Format: Nintendo Wii
Release date: 2008

I’ve played many versions of Mario Kart, first on the Snes at a friend’s house, followed by my own copy of the N64 version. The Nintendo DS edition got a lot of play during the various anime conventions that I attended between 2006 and 2011, where you could LAN it up via Bluetooth with anyone else in the vicinity. But the version I truly have the fondest memories of has to be Mario Kart Wii.

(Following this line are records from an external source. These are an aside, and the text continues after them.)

(* Let $T>0$, $r>0$, $\sigma>0$, $q_S,\gamma_S\in\mathbb{R}$, $\lambda_B,\lambda_C\ge 0$ with $\lambda_B+\lambda_C>0$, $R_B,R_C\in[0,1]$ and $s_F\in\mathbb{R}$. Let $H:(0,\infty)\to[0,\infty)$ be a non-negative, locally bounded payoff function with at most linear growth at infinity, and let $V$ be the risk-free Black-Scholes price of the contract with payoff $H$, i.e. the solution of $$\frac{\partial V}{\partial t}+\mathcal{A}V-rV=0 \text{ in } (0,T)\times(0,\infty),\qquad V(T,S)=H(S),$$ where $\mathcal{A}=\frac12\sigma^2S^2\frac{\partial^2}{\partial S^2}+(q_S-\gamma_S)S\frac{\partial}{\partial S}$. Consider the linear final value problem for the adjusted price $U$: $$\frac{\partial U}{\partial t}+\mathcal{A}U-(r+\lambda_B+\lambda_C)U=(R_B\lambda_B+\lambda_C)V^--(\lambda_B+R_C\lambda_C)V^++s_FV^+ \text{ in }(0,T)\times(0,\infty),\qquad U(T,S)=H(S),$$ where $\varphi^+=\max(\varphi,0)$ and $\varphi^-=\max(-\varphi,0)$. Then $V\ge 0$ and the adjusted price is given by $$U(t,S)=\frac{\big((1-R_C)\lambda_C+s_F\big)\mathrm{e}^{-(\lambda_B+\lambda_C)(T-t)}+\lambda_B+R_C\lambda_C-s_F}{\lambda_B+\lambda_C}\,V(t,S).$$
   Context: Here $V$ is the classical risk-free price (e.g. $V(t,S)=\mathrm{e}^{-r(T-t)}\int_{\mathbb{R}}H\big(S\mathrm{e}^{(q_S-\gamma_S-\sigma^2/2)(T-t)+\sigma\sqrt{T-t}\,z}\big)\frac{\mathrm{e}^{-z^2/2}}{\sqrt{2\pi}}\,\mathrm{d}z$). The parameters $\lambda_B,\lambda_C$ are default intensities of the issuer and counterparty, $R_B,R_C$ recovery rates, and $s_F$ a funding spread; this PDE models the adjusted price when the mark-to-market value at default is taken to be $V$. *)

theory Defs
  imports "HOL-Analysis.Analysis"
begin

definition bs_price :: "real \<Rightarrow> real \<Rightarrow> real \<Rightarrow> real \<Rightarrow> real \<Rightarrow> (real \<Rightarrow> real) \<Rightarrow> real \<Rightarrow> real \<Rightarrow> real" where
  "bs_price r qS gS \<sigma> T H t S =
     exp (- r * (T - t)) *
     (LINT z|lborel. H (S * exp ((qS - gS - \<sigma>\<^sup>2 / 2) * (T - t) + \<sigma> * sqrt (T - t) * z))
                      * (exp (- z\<^sup>2 / 2) / sqrt (2 * pi)))"

definition fvp_solution ::
  "real \<Rightarrow> real \<Rightarrow> real \<Rightarrow> real \<Rightarrow> (real \<Rightarrow> real \<Rightarrow> real) \<Rightarrow> (real \<Rightarrow> real)
     \<Rightarrow> (real \<Rightarrow> real \<Rightarrow> real) \<Rightarrow> bool" where
  "fvp_solution T \<sigma> \<mu> k F G U \<longleftrightarrow>
     (\<forall>S>0. U T S = G S) \<and>
     (\<exists>Ut Us Uss. \<forall>t\<in>{0<..<T}. \<forall>S>0.
        ((\<lambda>\<tau>. U \<tau> S) has_real_derivative Ut t S) (at t) \<and>
        ((\<lambda>x. U t x) has_real_derivative Us t S) (at S) \<and>
        ((\<lambda>x. Us t x) has_real_derivative Uss t S) (at S) \<and>
        Ut t S + \<sigma>\<^sup>2 / 2 * S\<^sup>2 * Uss t S + \<mu> * S * Us t S - k * U t S = F t S)"

end

theory Submission
  imports Defs
begin

text \<open>The risk-free price \<open>V\<close> is a Gaussian average of the non-negative payoff, so \<open>V \<ge> 0\<close>.
  Hence \<open>V\<^sup>- = 0\<close>, \<open>V\<^sup>+ = V\<close>, and the source term of the adjusted problem collapses to \<open>-b V\<close>
  with \<open>b = \<lambda>\<^sub>B + R\<^sub>C \<lambda>\<^sub>C - s\<^sub>F\<close>. Looking for \<open>U = g(t) V\<close>, the product rule reduces the PDE for \<open>U\<close>
  to the PDE for \<open>V\<close> plus the scalar equation \<open>g' = (\<lambda>\<^sub>B + \<lambda>\<^sub>C) g - b\<close> with \<open>g(T) = 1\<close>, whose
  solution is the stated factor. The integrability hypotheses on \<open>H\<close> only make \<open>V\<close> meaningful;
  the argument itself uses just \<open>H \<ge> 0\<close> and the PDE for \<open>V\<close>.\<close>

lemma bs_price_nonneg:
  assumes "\<And>x. x > 0 \<Longrightarrow> 0 \<le> H x" and "S > 0"
  shows "0 \<le> bs_price r qS gS \<sigma> T H t S"
proof -
  have "0 \<le> H (S * exp ((qS - gS - \<sigma>\<^sup>2 / 2) * (T - t) + \<sigma> * sqrt (T - t) * z))
              * (exp (- z\<^sup>2 / 2) / sqrt (2 * pi))" for z
    using assms by (intro mult_nonneg_nonneg) auto
  then have "0 \<le> (LINT z|lborel. H (S * exp ((qS - gS - \<sigma>\<^sup>2 / 2) * (T - t) + \<sigma> * sqrt (T - t) * z))
                      * (exp (- z\<^sup>2 / 2) / sqrt (2 * pi)))"
    by (intro integral_nonneg_AE AE_I2) blast
  then show ?thesis
    unfolding bs_price_def by (intro mult_nonneg_nonneg) auto
qed

lemma fvp_solution_time_scaling:
  assumes V: "fvp_solution T \<sigma> \<mu> k F G V"
    and g: "\<And>t. (g has_real_derivative g' t) (at t)" and gT: "g T = 1"
    and F': "\<And>t S. t \<in> {0<..<T} \<Longrightarrow> S > 0 \<Longrightarrow> F' t S = g t * F t S + (g' t - L * g t) * V t S"
  shows "fvp_solution T \<sigma> \<mu> (k + L) F' G (\<lambda>t S. g t * V t S)"
proof -
  obtain Vt Vs Vss where VT: "\<forall>S>0. V T S = G S"
    and Vd: "\<forall>t\<in>{0<..<T}. \<forall>S>0.
        ((\<lambda>\<tau>. V \<tau> S) has_real_derivative Vt t S) (at t) \<and>
        ((\<lambda>x. V t x) has_real_derivative Vs t S) (at S) \<and>
        ((\<lambda>x. Vs t x) has_real_derivative Vss t S) (at S) \<and>
        Vt t S + \<sigma>\<^sup>2 / 2 * S\<^sup>2 * Vss t S + \<mu> * S * Vs t S - k * V t S = F t S"
    using V unfolding fvp_solution_def by blast
  have "((\<lambda>\<tau>. g \<tau> * V \<tau> S) has_real_derivative g' t * V t S + g t * Vt t S) (at t) \<and>
        ((\<lambda>x. g t * V t x) has_real_derivative g t * Vs t S) (at S) \<and>
        ((\<lambda>x. g t * Vs t x) has_real_derivative g t * Vss t S) (at S) \<and>
        g' t * V t S + g t * Vt t S + \<sigma>\<^sup>2 / 2 * S\<^sup>2 * (g t * Vss t S) + \<mu> * S * (g t * Vs t S)
          - (k + L) * (g t * V t S) = F' t S"
    if t: "t \<in> {0<..<T}" and S: "S > 0" for t S
  proof -
    from Vd t S have Vt: "((\<lambda>\<tau>. V \<tau> S) has_real_derivative Vt t S) (at t)"
      and Vs: "((\<lambda>x. V t x) has_real_derivative Vs t S) (at S)"
      and Vss: "((\<lambda>x. Vs t x) has_real_derivative Vss t S) (at S)"
      and pde: "Vt t S + \<sigma>\<^sup>2 / 2 * S\<^sup>2 * Vss t S + \<mu> * S * Vs t S - k * V t S = F t S"
      by blast+
    have "g' t * V t S + g t * Vt t S + \<sigma>\<^sup>2 / 2 * S\<^sup>2 * (g t * Vss t S) + \<mu> * S * (g t * Vs t S)
            - (k + L) * (g t * V t S)
          = g t * (Vt t S + \<sigma>\<^sup>2 / 2 * S\<^sup>2 * Vss t S + \<mu> * S * Vs t S - k * V t S)
            + (g' t - L * g t) * V t S"
      by (simp add: algebra_simps)
    also have "\<dots> = F' t S"
      using pde F' t S by simp
    finally show ?thesis
      using DERIV_mult[OF g Vt] DERIV_cmult[OF Vs] DERIV_cmult[OF Vss]
      by (simp add: mult.commute)
  qed
  then show ?thesis
    unfolding fvp_solution_def using VT gT
    by (intro conjI exI[of _ "\<lambda>t S. g' t * V t S + g t * Vt t S"] exI[of _ "\<lambda>t S. g t * Vs t S"]
        exI[of _ "\<lambda>t S. g t * Vss t S"]) auto
qed

lemma exp_relaxation_has_derivative:
  fixes L a b T :: real
  assumes "L \<noteq> 0"
  shows "((\<lambda>t. (a * exp (- L * (T - t)) + b) / L) has_real_derivative
            L * ((a * exp (- L * (T - t)) + b) / L) - b) (at t)"
  by (rule derivative_eq_intros refl | use assms in \<open>simp add: field_simps\<close>)+

theorem mainTheorem1:
  fixes T r \<sigma> qS gS lamB lamC RB RC sF :: real
    and H :: "real \<Rightarrow> real"
    and V :: "real \<Rightarrow> real \<Rightarrow> real"
  assumes T: "T > 0" and r: "r > 0" and \<sigma>: "\<sigma> > 0"
    and lB: "lamB \<ge> 0" and lC: "lamC \<ge> 0" and lBC: "lamB + lamC > 0"
    and RB: "0 \<le> RB" "RB \<le> 1" and RC: "0 \<le> RC" "RC \<le> 1"
    and H_nonneg: "\<forall>S>0. H S \<ge> 0"
    and H_meas: "H \<in> borel_measurable borel"
    and H_locbdd: "\<forall>a b. 0 < a \<longrightarrow> (\<exists>M. \<forall>S\<in>{a..b}. \<bar>H S\<bar> \<le> M)"
    and H_lin: "\<exists>C S0. \<forall>S\<ge>S0. H S \<le> C * S"
    and V_eq: "\<forall>t\<in>{0..T}. \<forall>S>0. V t S = bs_price r qS gS \<sigma> T H t S"
    and V_pde: "fvp_solution T \<sigma> (qS - gS) r (\<lambda>t S. 0) H V"
  shows "(\<forall>t\<in>{0..T}. \<forall>S>0. V t S \<ge> 0) \<and>
         fvp_solution T \<sigma> (qS - gS) (r + lamB + lamC)
           (\<lambda>t S. (RB * lamB + lamC) * max (- V t S) 0 - (lamB + RC * lamC) * max (V t S) 0
                  + sF * max (V t S) 0)
           H
           (\<lambda>t S. (((1 - RC) * lamC + sF) * exp (- (lamB + lamC) * (T - t)) + lamB + RC * lamC - sF)
                  / (lamB + lamC) * V t S)"
proof -
  have V_nonneg: "\<forall>t\<in>{0..T}. \<forall>S>0. V t S \<ge> 0"
    using V_eq bs_price_nonneg H_nonneg by simp
  define L where "L = lamB + lamC"
  define a where "a = (1 - RC) * lamC + sF"
  define b where "b = lamB + RC * lamC - sF"
  define g where "g t = (a * exp (- L * (T - t)) + b) / L" for t
  have "L \<noteq> 0" using lBC by (simp add: L_def)
  then have g_deriv: "(g has_real_derivative L * g t - b) (at t)" for t
    unfolding g_def by (rule exp_relaxation_has_derivative)
  have gT: "g T = 1"
    using lBC by (simp add: g_def L_def a_def b_def field_simps)
  have source: "(RB * lamB + lamC) * max (- V t S) 0 - (lamB + RC * lamC) * max (V t S) 0
      + sF * max (V t S) 0 = g t * 0 + ((L * g t - b) - L * g t) * V t S"
    if "t \<in> {0<..<T}" "S > 0" for t S
  proof -
    have "V t S \<ge> 0" using V_nonneg that by simp
    then show ?thesis by (simp add: b_def max_absorb1 max_absorb2 algebra_simps)
  qed
  have "fvp_solution T \<sigma> (qS - gS) (r + L)
      (\<lambda>t S. (RB * lamB + lamC) * max (- V t S) 0 - (lamB + RC * lamC) * max (V t S) 0
             + sF * max (V t S) 0) H (\<lambda>t S. g t * V t S)"
    by (rule fvp_solution_time_scaling[OF V_pde g_deriv gT source])
  moreover have "(\<lambda>t S. g t * V t S) = (\<lambda>t S. (((1 - RC) * lamC + sF) * exp (- (lamB + lamC) * (T - t))
      + lamB + RC * lamC - sF) / (lamB + lamC) * V t S)"
    by (simp add: g_def L_def a_def b_def algebra_simps)
  ultimately show ?thesis
    using V_nonneg by (simp add: L_def add.assoc)
qed

end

It all started on the day I brought my Nintendo Wii into the office. This was back when I had a real job, working 9-5 in a marketing agency as a multimedia designer. My boss, John, and co-workers Luke and Chris, would often stay a little later after closing to enjoy a Grand Prix. The 8 races usually took less than an hour to play through, so it was a nice way to wind down after a hard day at the office. Relaxing. Civil. A bit of gentlemanly competition.

Or not.

I can’t believe I wasn’t sacked. On the very first day we played, I chose Yoshi, because he was always my character. I kicked the shit out of my co-workers, winning every race and almost putting them off playing ever again. So, next time, I decided to pick one of the slowest characters, Donkey Kong. Give ‘em a chance, y’know? At first I hated it; he is fat and lumbering, and corners like a dumper truck. But I soon realised that being a giant gorilla in a go-kart is ridiculously entertaining, because I no longer needed to drive around my opponents… I could go through them.

Smashing my opponents from behind and sending them into a bottomless pit became my tactic of choice when playing against my increasingly pissed off colleagues. John threw my Wii-mote at the wall multiple times, Chris would give me a look that could curdle milk, and Luke swore in pure rage, going red in the face, and even took up practicing at home on his nephew’s Wii, just so he could try and better me. There were occasions when Luke or Chris might sneak a win, (I don’t remember John ever finishing higher than 3rd), Rich was okay at the game, but preferred playing Fifa, and obviously when Paul played I had a real competitor for once, but he rarely wanted to. So, I left the office as the Mario Kart champion almost every single night. You might think that repeatedly pummelling a bunch of non-gamers at a child’s racing game would grow tedious or dull, but somehow it never did. It was hilarious.